Marikana Katliamı’nın 1. yılında...
Güney Afrika’da sömürü gerçeği
Marikana maden işçilerinin eylemine polis saldırısının üzerinden bir yıl geçti. Yaylım ateşiyle kurşun yağmuruna tutulan işçilerden 34’ü hayatını kaybetmişti. Maden işçileri aradan geçen bir yıl içinde eylem ve grevlerini ivmelendirerek sürdürdüler. İşçilerin katliamın ardından eyleme devam ederken taleplerinin kısmen karşılanmasını sağlamaları da bu süreçte önemli bir faktör oldu. 34 işçinin katledilmesine karşın grevden geri adım atılmamasıyla %22 oranında maden işçilerinin hiçbir dönem alamadığı bir zam oranı kazanılmıştı.

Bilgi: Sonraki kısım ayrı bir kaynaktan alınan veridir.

(* Let $a>0$ be constant and consider $\partial_t u+\partial_x(au)=0$ on a periodic 1D mesh. Let $n\ge1$ and $-1=\tau_0<\tau_1<\dots<\tau_n=1$. Consider the Spectral Difference (SD) scheme (context) with flux points $\tau_0,\dots,\tau_n$ and solution points $\sigma_j=\tau_j$ for $j=1,\dots,n$ (the flux points excluding the left endpoint), with the upwind numerical flux. Consider also the FUSE scheme of degree $p=n$ with nodes $r_i=\tau_i$, $i=0,\dots,n$ (context). Then, under the identification $v_{j,k}=u_{j,k}$ for $j=1,\dots,n$ and all elements $k$ (which is a bijection between the unknowns of the two schemes, since $u_{0,k}=u_{n,k-1}$ in FUSE), the two semi-discrete systems of ODEs are identical.
   Context: Mesh: $0=x_0<\dots<x_N=1$, periodic, elements $K_k=[x_{k-1},x_k]$ (indices mod $N$), affine maps $\chi_k(r)=x_{k-1}+\tfrac{r+1}{2}(x_k-x_{k-1})$ from $[-1,1]$ to $K_k$. SD scheme: in each element $K_k$ there are $n$ solution points $\chi_k(\sigma_1),\dots,\chi_k(\sigma_n)$ carrying unknowns $v_{1,k},\dots,v_{n,k}$ (not shared between elements), and $n+1$ flux points $\chi_k(\tau_0),\dots,\chi_k(\tau_n)$ with $\tau_0=-1,\tau_n=1$ (so flux points at element endpoints are repeated in neighbouring elements). Let $v_h^{(k)}$ be the polynomial of degree $\le n-1$ on $K_k$ interpolating $v_{j,k}$ at the solution points. Flux values: at interior flux points ($0<m<n$) the flux is $a\,v_h^{(k)}(\chi_k(\tau_m))$; at element endpoints the upwind numerical flux is used, i.e. at $x_{k-1}$ (point $\tau_0$ of $K_k$) the value $a\,v_h^{(k-1)}(x_{k-1})$ and at $x_k$ (point $\tau_n$ of $K_k$) the value $a\,v_h^{(k)}(x_k)$. Let $G^{(k)}$ be the polynomial of degree $\le n$ interpolating these $n+1$ flux values at the flux points; the SD update is $\frac{d}{dt}v_{j,k}=-(G^{(k)})'(\chi_k(\sigma_j))$. FUSE scheme of degree $p$ with nodes $-1=r_0<\dots<r_p=1$: nodes $s_{i,k}=\chi_k(r_i)$ with boundary nodes shared ($s_{p,k}=s_{0,k+1}$, single value, so $u_{0,k}=u_{p,k-1}$); $F_h^{(k)}$ is the polynomial of degree $\le p$ interpolating $a\,u_{i,k}$ at $s_{i,k}$, $i=0,\dots,p$; update $\frac{d}{dt}u_{i,k}=-(F_h^{(k)})'(s_{i,k})$ for $1\le i\le p-1$, and at the shared node $s_{p,k}=s_{0,k+1}$ the upwind element is used: since $a>0$, $\frac{d}{dt}u_{p,k}=-(F_h^{(k)})'(s_{p,k})$. *)

theory Defs
  imports "HOL-Computational_Algebra.Polynomial"
begin

definition interp :: "nat \<Rightarrow> nat set \<Rightarrow> (nat \<Rightarrow> real) \<Rightarrow> (nat \<Rightarrow> real) \<Rightarrow> real poly" where
  "interp d I X Y = (THE p. degree p \<le> d \<and> (\<forall>i\<in>I. poly p (X i) = Y i))"

text \<open>Periodic mesh 0 = x 0 < ... < x N = 1, elements K_k = [x (k-1), x k], k = 1..N.\<close>
definition chi :: "(nat \<Rightarrow> real) \<Rightarrow> nat \<Rightarrow> real \<Rightarrow> real" where
  "chi x k r = x (k - 1) + (r + 1) / 2 * (x k - x (k - 1))"

definition prev_elem :: "nat \<Rightarrow> nat \<Rightarrow> nat" where
  "prev_elem N k = (if k = 1 then N else k - 1)"

text \<open>SD: solution points sigma j = tau j (j=1..n), flux points tau 0..tau n;
  v j k is the unknown at solution point j of element k.\<close>
definition sd_sol_poly :: "(nat \<Rightarrow> real) \<Rightarrow> nat \<Rightarrow> (nat \<Rightarrow> real) \<Rightarrow> (nat \<Rightarrow> nat \<Rightarrow> real) \<Rightarrow> nat \<Rightarrow> real poly" where
  "sd_sol_poly x n tau v k = interp (n - 1) {1..n} (\<lambda>j. chi x k (tau j)) (\<lambda>j. v j k)"

definition sd_flux_val :: "real \<Rightarrow> (nat \<Rightarrow> real) \<Rightarrow> nat \<Rightarrow> nat \<Rightarrow> (nat \<Rightarrow> real) \<Rightarrow> (nat \<Rightarrow> nat \<Rightarrow> real) \<Rightarrow> nat \<Rightarrow> nat \<Rightarrow> real" where
  "sd_flux_val a x N n tau v k m =
     (if m = 0 then a * poly (sd_sol_poly x n tau v (prev_elem N k)) (chi x (prev_elem N k) 1)
      else a * poly (sd_sol_poly x n tau v k) (chi x k (tau m)))"

definition sd_flux_poly :: "real \<Rightarrow> (nat \<Rightarrow> real) \<Rightarrow> nat \<Rightarrow> nat \<Rightarrow> (nat \<Rightarrow> real) \<Rightarrow> (nat \<Rightarrow> nat \<Rightarrow> real) \<Rightarrow> nat \<Rightarrow> real poly" where
  "sd_flux_poly a x N n tau v k = interp n {0..n} (\<lambda>m. chi x k (tau m)) (sd_flux_val a x N n tau v k)"

definition sd_rhs :: "real \<Rightarrow> (nat \<Rightarrow> real) \<Rightarrow> nat \<Rightarrow> nat \<Rightarrow> (nat \<Rightarrow> real) \<Rightarrow> (nat \<Rightarrow> nat \<Rightarrow> real) \<Rightarrow> nat \<Rightarrow> nat \<Rightarrow> real" where
  "sd_rhs a x N n tau v j k = - poly (pderiv (sd_flux_poly a x N n tau v k)) (chi x k (tau j))"

text \<open>FUSE of degree p with nodes r 0..r p; u i k is the unknown at node s_{i,k} = chi x k (r i).\<close>
definition fuse_flux_poly :: "real \<Rightarrow> (nat \<Rightarrow> real) \<Rightarrow> nat \<Rightarrow> (nat \<Rightarrow> real) \<Rightarrow> (nat \<Rightarrow> nat \<Rightarrow> real) \<Rightarrow> nat \<Rightarrow> real poly" where
  "fuse_flux_poly a x p r u k = interp p {0..p} (\<lambda>i. chi x k (r i)) (\<lambda>i. a * u i k)"

text \<open>Right-hand side d/dt u_{i,k} of FUSE for i = 1..p (i = p being the shared node, upwind element k since a > 0).\<close>
definition fuse_rhs :: "real \<Rightarrow> (nat \<Rightarrow> real) \<Rightarrow> nat \<Rightarrow> (nat \<Rightarrow> real) \<Rightarrow> (nat \<Rightarrow> nat \<Rightarrow> real) \<Rightarrow> nat \<Rightarrow> nat \<Rightarrow> real" where
  "fuse_rhs a x p r u i k = - poly (pderiv (fuse_flux_poly a x p r u k)) (chi x k (r i))"

end

theory Submission
  imports Defs
begin

text \<open>Choosing the SD solution points as the flux points \<open>\<tau>\<^sub>1, \<dots>, \<tau>\<^sub>n\<close> makes the
  SD solution polynomial reproduce the unknowns at the interior flux points and, through
  \<open>\<tau>\<^sub>n = 1\<close>, at the right end of the upwind neighbour. Hence the SD flux data at the
  \<open>n + 1\<close> flux points are exactly \<open>a u\<^sub>i\<^sub>,\<^sub>k\<close>, so the SD flux polynomial is the FUSE flux
  polynomial and the two right-hand sides, both its derivative at the same nodes, agree.\<close>

lemma interpolating_poly_exists:
  fixes X Y :: "'i \<Rightarrow> 'a::field"
  assumes "finite I" "inj_on X I"
  shows "\<exists>p. degree p \<le> card I - 1 \<and> (\<forall>i\<in>I. poly p (X i) = Y i)"
  using assms
proof (induction I rule: finite_induct)
  case empty
  show ?case by (rule exI[of _ 0]) simp
next
  case (insert i I)
  then obtain q where q: "degree q \<le> card I - 1" "\<forall>j\<in>I. poly q (X j) = Y j"
    by auto
  define w where "w = (\<Prod>j\<in>I. [:- X j, 1:])"
  have deg_w: "degree w \<le> card I"
    unfolding w_def using degree_prod_sum_le[OF insert(1), of "\<lambda>j. [:- X j, 1:]"] by simp
  have w_vanishes: "poly w (X j) = 0" if "j \<in> I" for j
    unfolding w_def poly_prod using that insert(1) by (auto intro: prod_zero)
  have w_nonzero: "poly w (X i) \<noteq> 0"
    unfolding w_def poly_prod using insert by (auto simp: prod_zero_iff)
  define p where "p = q + smult ((Y i - poly q (X i)) / poly w (X i)) w"
  have "degree p \<le> card (insert i I) - 1"
    using insert q(1) deg_w degree_add_le[of q _ "smult _ w"] degree_smult_le[of _ w]
    by (fastforce simp: p_def)
  moreover have "\<forall>j\<in>insert i I. poly p (X j) = Y j"
    using q(2) w_vanishes w_nonzero by (auto simp: p_def)
  ultimately show ?case by blast
qed

lemma interpolating_poly_unique:
  fixes p q :: "'a::idom poly"
  assumes "inj_on X I" "card I = Suc d" "degree p \<le> d" "degree q \<le> d"
    and "\<forall>i\<in>I. poly p (X i) = poly q (X i)"
  shows "p = q"
proof (rule poly_eqI_degree[where A = "X ` I"])
  have "card (X ` I) = Suc d"
    using card_image[OF assms(1)] assms(2) by simp
  then show "degree p < card (X ` I)" "degree q < card (X ` I)"
    using assms(3,4) by auto
qed (use assms(5) in auto)

lemma poly_interp:
  assumes "inj_on X I" "card I = Suc d" "i \<in> I"
  shows "poly (interp d I X Y) (X i) = Y i"
proof -
  have "finite I" using assms(2) card.infinite by fastforce
  then obtain p where p: "degree p \<le> d" "\<forall>i\<in>I. poly p (X i) = Y i"
    using interpolating_poly_exists[OF _ assms(1), of Y] assms(2) by auto
  have "\<exists>!p. degree p \<le> d \<and> (\<forall>i\<in>I. poly p (X i) = Y i)"
    using p interpolating_poly_unique[OF assms(1,2)] by (intro ex1I[of _ p]) auto
  from theI'[OF this] show ?thesis
    unfolding interp_def using assms(3) by blast
qed

lemma interp_cong:
  assumes "\<And>i. i \<in> I \<Longrightarrow> Y i = Z i"
  shows "interp d I X Y = interp d I X Z"
  unfolding interp_def using assms by simp

lemma strict_mono_on_atLeastAtMost_if_Suc_less:
  fixes f :: "nat \<Rightarrow> 'a::order"
  assumes "\<And>i. i < n \<Longrightarrow> f i < f (Suc i)"
  shows "strict_mono_on {0..n} f"
  by (rule strict_mono_onI, rule lift_Suc_mono_less_ivl[where N = "{..<n}"])
     (use assms in auto)

lemma inj_chi:
  assumes "x (k - 1) \<noteq> x k"
  shows "inj (chi x k)"
proof (rule injI)
  fix r s assume "chi x k r = chi x k s"
  then have "(r - s) * (x k - x (k - 1)) = 0"
    unfolding chi_def by (simp add: field_simps)
  with assms show "r = s" by simp
qed

lemma sd_sol_poly_at_solution_point:
  assumes "inj_on (\<lambda>j. chi x k (tau j)) {1..n}" "j \<in> {1..n}"
  shows "poly (sd_sol_poly x n tau v k) (chi x k (tau j)) = v j k"
  unfolding sd_sol_poly_def
  by (rule poly_interp[where X = "\<lambda>j. chi x k (tau j)", OF assms(1) _ assms(2)])
     (use assms(2) in simp)

lemma sd_flux_poly_eq_fuse_flux_poly:
  assumes inj_k: "inj_on (\<lambda>j. chi x k (tau j)) {1..n}"
    and inj_prev: "inj_on (\<lambda>j. chi x (prev_elem N k) (tau j)) {1..n}"
    and "n \<ge> 1" "tau n = 1"
    and "u 0 k = u n (prev_elem N k)" "v n (prev_elem N k) = u n (prev_elem N k)"
    and "\<And>j. j \<in> {1..n} \<Longrightarrow> v j k = u j k"
  shows "sd_flux_poly a x N n tau v k = fuse_flux_poly a x n tau u k"
  unfolding sd_flux_poly_def fuse_flux_poly_def
proof (rule interp_cong)
  fix m assume "m \<in> {0..n}"
  then show "sd_flux_val a x N n tau v k m = a * u m k"
    using assms sd_sol_poly_at_solution_point[OF inj_k, of m v]
      sd_sol_poly_at_solution_point[OF inj_prev, of n v]
    by (auto simp: sd_flux_val_def)
qed

theorem mainTheorem3:
  fixes a :: real and x :: "nat \<Rightarrow> real" and N n :: nat and tau :: "nat \<Rightarrow> real"
    and u v :: "nat \<Rightarrow> nat \<Rightarrow> real"
  assumes "a > 0"
    and "N \<ge> 1" and "x 0 = 0" and "x N = 1" and "\<And>k. k < N \<Longrightarrow> x k < x (Suc k)"
    and "n \<ge> 1" and "tau 0 = -1" and "tau n = 1" and "\<And>i. i < n \<Longrightarrow> tau i < tau (Suc i)"
    and shared: "\<And>k. k \<in> {1..N} \<Longrightarrow> u 0 k = u n (prev_elem N k)"
    and ident: "\<And>j k. j \<in> {1..n} \<Longrightarrow> k \<in> {1..N} \<Longrightarrow> v j k = u j k"
  shows "\<forall>k\<in>{1..N}. \<forall>j\<in>{1..n}. sd_rhs a x N n tau v j k = fuse_rhs a x n tau u j k"
proof (intro ballI)
  have inj_tau: "inj_on tau {0..n}"
    using strict_mono_on_imp_inj_on strict_mono_on_atLeastAtMost_if_Suc_less assms(9) by blast
  have inj_nodes: "inj_on (\<lambda>j. chi x k (tau j)) {1..n}" if "k \<in> {1..N}" for k
  proof -
    have "x (k - 1) < x k"
      using assms(5)[of "k - 1"] that by auto
    then have "inj (chi x k)"
      by (intro inj_chi) simp
    then show ?thesis
      using comp_inj_on[of tau "{1..n}" "chi x k"] inj_on_subset[OF inj_tau]
      by (auto simp: inj_on_subset o_def)
  qed
  fix k j assume k: "k \<in> {1..N}" and "j \<in> {1..n}"
  have prev: "prev_elem N k \<in> {1..N}"
    using k assms(2) by (auto simp: prev_elem_def)
  have "sd_flux_poly a x N n tau v k = fuse_flux_poly a x n tau u k"
    using sd_flux_poly_eq_fuse_flux_poly[OF inj_nodes[OF k] inj_nodes[OF prev]]
      assms(6,8) shared[OF k] ident[OF _ prev] ident[OF _ k] by simp
  then show "sd_rhs a x N n tau v j k = fuse_rhs a x n tau u j k"
    by (simp add: sd_rhs_def fuse_rhs_def)
qed

end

Güney Afrika’yı diğer kapitalist ülkelerden ayıran temel yan ırkçı Apartheid rejimine karşı verdiği mücadele geçmişidir. Jakob Zuma’nın devlet başkanlığını yaptığı üçlü ittifak (Güney Afrika Ulusal Kongresi/ANC, Güney Afrika Sendika Konfederasyonu/COSATU), Güney Afrika Komünist Partisi/SACP) emekçilerin ekonomik ve sosyal sorunlarını çözmek bir yana, sendikalarını, komünist parti kimliğini, ırkçılığa karşı neredeyse bir asırlık tarihini kullanarak bu sorunların çözümünü engelliyor.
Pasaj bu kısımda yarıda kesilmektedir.